WHAT IS EXPECTED: Could you reproduce the lines below from the one with "op1 (card (UNIV :: 'a set)) (Cyclic [x])" through the one with "add: G1.right_unit G2.right_unit)"? Keep both ends and add nothing.

BEGIN

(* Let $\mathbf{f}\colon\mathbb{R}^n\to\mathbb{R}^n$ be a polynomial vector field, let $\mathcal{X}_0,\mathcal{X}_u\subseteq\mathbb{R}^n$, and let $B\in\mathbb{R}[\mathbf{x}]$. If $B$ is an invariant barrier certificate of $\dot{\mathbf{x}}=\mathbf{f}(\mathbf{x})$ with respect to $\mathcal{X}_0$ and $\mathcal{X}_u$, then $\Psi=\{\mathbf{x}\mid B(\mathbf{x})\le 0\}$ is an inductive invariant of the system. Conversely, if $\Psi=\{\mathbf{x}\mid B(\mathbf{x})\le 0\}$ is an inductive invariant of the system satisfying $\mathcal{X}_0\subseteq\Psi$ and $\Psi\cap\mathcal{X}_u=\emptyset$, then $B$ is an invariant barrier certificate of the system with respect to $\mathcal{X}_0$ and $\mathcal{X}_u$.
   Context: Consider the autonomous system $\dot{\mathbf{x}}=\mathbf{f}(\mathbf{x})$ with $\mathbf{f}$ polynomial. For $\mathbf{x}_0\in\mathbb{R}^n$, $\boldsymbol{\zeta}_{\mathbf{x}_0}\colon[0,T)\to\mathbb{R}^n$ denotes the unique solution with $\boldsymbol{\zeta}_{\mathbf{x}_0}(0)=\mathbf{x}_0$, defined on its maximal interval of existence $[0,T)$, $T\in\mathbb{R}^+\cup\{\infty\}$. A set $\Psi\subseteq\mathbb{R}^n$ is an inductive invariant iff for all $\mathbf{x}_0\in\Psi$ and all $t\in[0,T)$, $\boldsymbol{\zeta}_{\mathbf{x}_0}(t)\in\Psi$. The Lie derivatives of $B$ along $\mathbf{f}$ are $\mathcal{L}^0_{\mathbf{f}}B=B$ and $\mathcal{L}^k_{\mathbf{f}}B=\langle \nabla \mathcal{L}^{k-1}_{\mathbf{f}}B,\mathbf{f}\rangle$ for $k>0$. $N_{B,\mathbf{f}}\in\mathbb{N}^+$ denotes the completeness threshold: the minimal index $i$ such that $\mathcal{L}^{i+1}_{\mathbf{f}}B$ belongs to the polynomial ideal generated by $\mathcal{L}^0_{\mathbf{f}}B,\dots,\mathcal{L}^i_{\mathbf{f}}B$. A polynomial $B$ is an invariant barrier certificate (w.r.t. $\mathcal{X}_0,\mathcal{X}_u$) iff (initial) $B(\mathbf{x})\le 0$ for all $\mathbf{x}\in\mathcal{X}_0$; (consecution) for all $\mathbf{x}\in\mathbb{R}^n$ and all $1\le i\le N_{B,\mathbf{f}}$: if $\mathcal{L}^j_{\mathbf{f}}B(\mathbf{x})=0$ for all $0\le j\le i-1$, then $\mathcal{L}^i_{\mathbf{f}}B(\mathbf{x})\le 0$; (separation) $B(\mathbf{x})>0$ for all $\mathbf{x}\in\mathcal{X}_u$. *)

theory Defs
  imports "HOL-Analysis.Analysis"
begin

END
BEGIN

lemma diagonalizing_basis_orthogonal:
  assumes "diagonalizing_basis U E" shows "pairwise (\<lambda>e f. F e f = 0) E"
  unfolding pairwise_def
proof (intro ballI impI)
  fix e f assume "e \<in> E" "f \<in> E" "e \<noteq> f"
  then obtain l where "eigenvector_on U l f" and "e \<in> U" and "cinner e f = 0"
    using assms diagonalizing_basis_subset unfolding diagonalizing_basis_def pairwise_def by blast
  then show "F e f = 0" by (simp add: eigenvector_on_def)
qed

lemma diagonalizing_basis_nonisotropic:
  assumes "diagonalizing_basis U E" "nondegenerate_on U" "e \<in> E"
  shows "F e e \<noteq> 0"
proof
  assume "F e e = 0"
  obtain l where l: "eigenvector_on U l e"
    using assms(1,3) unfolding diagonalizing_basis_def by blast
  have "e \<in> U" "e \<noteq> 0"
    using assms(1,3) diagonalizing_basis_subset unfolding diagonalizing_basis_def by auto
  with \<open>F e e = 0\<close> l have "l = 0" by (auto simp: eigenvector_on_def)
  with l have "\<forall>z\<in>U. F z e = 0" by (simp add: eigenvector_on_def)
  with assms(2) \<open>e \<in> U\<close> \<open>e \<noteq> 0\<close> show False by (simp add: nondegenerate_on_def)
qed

END
BEGIN

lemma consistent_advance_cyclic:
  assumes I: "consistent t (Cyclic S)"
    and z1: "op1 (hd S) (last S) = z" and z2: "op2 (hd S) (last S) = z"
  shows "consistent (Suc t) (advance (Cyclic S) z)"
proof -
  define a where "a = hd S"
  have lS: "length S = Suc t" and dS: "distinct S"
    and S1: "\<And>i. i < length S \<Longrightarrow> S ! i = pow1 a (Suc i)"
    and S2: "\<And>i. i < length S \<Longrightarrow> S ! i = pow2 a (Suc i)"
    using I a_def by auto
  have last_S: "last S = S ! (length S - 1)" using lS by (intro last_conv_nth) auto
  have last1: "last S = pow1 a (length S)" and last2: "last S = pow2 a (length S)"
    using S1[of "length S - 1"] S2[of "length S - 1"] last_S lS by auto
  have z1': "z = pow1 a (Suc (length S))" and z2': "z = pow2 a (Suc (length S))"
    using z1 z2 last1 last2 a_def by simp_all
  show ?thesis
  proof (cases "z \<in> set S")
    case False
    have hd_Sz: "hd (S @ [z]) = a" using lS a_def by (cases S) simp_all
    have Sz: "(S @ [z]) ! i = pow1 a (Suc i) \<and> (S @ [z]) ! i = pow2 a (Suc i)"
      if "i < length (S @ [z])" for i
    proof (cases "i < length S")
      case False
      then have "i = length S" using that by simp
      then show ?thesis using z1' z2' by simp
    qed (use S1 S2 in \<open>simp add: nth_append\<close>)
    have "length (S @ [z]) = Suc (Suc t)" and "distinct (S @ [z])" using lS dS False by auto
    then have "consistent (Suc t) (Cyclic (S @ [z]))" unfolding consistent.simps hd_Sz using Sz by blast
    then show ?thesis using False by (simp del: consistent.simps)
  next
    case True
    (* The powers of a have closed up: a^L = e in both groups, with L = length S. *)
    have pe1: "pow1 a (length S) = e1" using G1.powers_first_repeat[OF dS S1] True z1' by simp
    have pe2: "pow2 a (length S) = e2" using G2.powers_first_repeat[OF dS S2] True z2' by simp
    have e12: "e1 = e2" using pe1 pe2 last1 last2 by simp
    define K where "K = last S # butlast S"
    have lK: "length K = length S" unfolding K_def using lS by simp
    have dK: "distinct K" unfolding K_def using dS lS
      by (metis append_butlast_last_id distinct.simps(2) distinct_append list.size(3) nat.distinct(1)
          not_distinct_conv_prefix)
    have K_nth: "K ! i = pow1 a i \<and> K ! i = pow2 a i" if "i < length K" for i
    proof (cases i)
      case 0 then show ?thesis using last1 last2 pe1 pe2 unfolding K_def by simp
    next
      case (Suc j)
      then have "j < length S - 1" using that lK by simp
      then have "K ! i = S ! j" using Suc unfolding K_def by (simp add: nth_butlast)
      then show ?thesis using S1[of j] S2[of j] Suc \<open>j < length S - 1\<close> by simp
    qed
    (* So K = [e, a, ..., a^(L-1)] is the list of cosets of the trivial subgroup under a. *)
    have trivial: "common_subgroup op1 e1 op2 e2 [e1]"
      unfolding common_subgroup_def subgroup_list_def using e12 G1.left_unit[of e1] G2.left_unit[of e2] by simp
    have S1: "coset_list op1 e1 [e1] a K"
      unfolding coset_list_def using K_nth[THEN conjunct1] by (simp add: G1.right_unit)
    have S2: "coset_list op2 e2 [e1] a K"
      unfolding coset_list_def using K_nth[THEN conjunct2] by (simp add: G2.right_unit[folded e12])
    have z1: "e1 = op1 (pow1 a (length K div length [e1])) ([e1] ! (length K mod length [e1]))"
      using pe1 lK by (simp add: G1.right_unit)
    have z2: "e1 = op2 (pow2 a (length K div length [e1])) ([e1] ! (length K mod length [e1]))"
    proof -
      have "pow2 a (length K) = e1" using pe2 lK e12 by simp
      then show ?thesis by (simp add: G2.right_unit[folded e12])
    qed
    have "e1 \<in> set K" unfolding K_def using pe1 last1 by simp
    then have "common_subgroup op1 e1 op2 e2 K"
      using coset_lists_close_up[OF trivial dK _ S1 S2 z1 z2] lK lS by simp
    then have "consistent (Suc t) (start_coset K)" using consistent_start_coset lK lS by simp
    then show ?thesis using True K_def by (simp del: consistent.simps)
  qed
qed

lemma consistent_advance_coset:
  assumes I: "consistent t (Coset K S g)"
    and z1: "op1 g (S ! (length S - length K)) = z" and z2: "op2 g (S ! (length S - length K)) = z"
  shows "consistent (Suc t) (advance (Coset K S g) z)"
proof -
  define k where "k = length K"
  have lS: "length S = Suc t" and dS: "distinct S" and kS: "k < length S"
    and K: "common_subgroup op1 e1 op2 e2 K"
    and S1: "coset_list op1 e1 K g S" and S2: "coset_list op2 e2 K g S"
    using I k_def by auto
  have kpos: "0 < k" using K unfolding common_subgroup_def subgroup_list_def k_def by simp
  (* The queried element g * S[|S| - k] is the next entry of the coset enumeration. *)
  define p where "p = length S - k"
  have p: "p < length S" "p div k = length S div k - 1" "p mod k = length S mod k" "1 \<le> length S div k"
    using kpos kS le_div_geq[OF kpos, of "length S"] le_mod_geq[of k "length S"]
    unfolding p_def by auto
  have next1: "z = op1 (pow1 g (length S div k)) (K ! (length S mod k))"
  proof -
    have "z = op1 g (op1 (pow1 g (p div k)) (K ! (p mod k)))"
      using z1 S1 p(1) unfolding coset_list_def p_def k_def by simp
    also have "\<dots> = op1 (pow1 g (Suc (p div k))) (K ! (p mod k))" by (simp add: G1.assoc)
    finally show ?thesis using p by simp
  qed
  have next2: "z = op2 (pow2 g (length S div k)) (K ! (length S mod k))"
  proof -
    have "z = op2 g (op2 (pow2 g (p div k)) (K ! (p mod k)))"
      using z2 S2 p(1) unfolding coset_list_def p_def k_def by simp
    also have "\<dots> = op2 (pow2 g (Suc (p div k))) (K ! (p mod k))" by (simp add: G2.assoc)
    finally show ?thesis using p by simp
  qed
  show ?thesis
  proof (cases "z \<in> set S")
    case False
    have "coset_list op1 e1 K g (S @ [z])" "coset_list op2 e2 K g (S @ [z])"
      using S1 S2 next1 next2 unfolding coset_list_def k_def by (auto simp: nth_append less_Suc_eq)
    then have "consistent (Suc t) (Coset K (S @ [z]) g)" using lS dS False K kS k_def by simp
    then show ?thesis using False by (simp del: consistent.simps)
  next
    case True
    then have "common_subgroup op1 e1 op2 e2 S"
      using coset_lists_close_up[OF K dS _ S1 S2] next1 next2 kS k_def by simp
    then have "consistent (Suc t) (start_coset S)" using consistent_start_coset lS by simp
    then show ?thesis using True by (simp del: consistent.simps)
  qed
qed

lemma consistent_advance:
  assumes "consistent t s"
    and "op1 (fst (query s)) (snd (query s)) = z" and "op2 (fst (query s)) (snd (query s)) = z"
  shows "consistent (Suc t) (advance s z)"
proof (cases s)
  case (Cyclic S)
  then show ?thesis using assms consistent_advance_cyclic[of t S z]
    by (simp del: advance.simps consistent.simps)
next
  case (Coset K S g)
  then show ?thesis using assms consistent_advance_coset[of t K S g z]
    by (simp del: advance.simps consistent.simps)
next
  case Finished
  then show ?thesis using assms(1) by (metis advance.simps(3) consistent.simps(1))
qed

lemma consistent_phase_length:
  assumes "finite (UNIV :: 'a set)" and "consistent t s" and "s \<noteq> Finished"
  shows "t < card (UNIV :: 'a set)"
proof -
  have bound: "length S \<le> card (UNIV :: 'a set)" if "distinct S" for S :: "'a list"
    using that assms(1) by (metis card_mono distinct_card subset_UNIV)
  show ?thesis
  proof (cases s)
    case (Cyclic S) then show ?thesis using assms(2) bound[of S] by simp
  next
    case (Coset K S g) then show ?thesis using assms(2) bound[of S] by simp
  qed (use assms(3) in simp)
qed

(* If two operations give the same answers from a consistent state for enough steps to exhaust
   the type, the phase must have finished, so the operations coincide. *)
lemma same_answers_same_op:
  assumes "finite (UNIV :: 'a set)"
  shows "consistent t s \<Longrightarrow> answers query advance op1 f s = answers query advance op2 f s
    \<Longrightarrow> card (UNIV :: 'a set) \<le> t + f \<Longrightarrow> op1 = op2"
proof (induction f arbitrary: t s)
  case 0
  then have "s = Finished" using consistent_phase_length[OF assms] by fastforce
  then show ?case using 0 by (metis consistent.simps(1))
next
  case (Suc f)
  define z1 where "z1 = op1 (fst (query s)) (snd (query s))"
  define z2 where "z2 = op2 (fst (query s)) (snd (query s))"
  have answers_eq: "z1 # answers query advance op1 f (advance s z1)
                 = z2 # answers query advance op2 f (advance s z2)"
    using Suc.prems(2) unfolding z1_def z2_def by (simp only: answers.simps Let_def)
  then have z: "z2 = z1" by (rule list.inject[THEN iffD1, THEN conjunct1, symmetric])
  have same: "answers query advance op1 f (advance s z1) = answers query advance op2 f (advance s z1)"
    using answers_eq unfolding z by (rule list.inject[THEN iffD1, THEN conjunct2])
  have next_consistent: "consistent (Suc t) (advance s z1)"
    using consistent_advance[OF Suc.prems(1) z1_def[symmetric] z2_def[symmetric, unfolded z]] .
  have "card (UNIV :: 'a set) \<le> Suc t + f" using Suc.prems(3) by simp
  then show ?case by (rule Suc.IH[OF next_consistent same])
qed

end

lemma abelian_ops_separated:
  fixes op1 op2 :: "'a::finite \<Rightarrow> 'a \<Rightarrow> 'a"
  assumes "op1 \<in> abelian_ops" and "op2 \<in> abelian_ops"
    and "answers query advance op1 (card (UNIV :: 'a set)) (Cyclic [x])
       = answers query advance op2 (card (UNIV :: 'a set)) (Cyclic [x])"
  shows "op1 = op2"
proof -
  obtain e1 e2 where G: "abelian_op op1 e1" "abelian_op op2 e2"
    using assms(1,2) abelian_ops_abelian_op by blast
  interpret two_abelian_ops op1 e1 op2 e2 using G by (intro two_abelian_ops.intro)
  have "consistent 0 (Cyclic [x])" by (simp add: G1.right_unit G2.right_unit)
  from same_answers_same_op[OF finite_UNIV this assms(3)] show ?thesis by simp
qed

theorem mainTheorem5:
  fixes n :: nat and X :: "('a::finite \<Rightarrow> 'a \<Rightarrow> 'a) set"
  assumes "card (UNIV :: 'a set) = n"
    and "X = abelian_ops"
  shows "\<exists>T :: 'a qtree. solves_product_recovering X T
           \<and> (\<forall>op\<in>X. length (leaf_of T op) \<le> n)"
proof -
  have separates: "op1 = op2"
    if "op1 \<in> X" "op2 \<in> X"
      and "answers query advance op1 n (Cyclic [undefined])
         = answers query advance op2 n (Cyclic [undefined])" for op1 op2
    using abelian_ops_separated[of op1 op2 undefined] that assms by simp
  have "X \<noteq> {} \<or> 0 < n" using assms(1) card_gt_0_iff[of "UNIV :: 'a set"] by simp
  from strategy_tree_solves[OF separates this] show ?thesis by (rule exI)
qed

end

END

YOUR SOLUTION:
    and "answers query advance op1 (card (UNIV :: 'a set)) (Cyclic [x])
       = answers query advance op2 (card (UNIV :: 'a set)) (Cyclic [x])"
  shows "op1 = op2"
proof -
  obtain e1 e2 where G: "abelian_op op1 e1" "abelian_op op2 e2"
    using assms(1,2) abelian_ops_abelian_op by blast
  interpret two_abelian_ops op1 e1 op2 e2 using G by (intro two_abelian_ops.intro)
  have "consistent 0 (Cyclic [x])" by (simp add: G1.right_unit G2.right_unit)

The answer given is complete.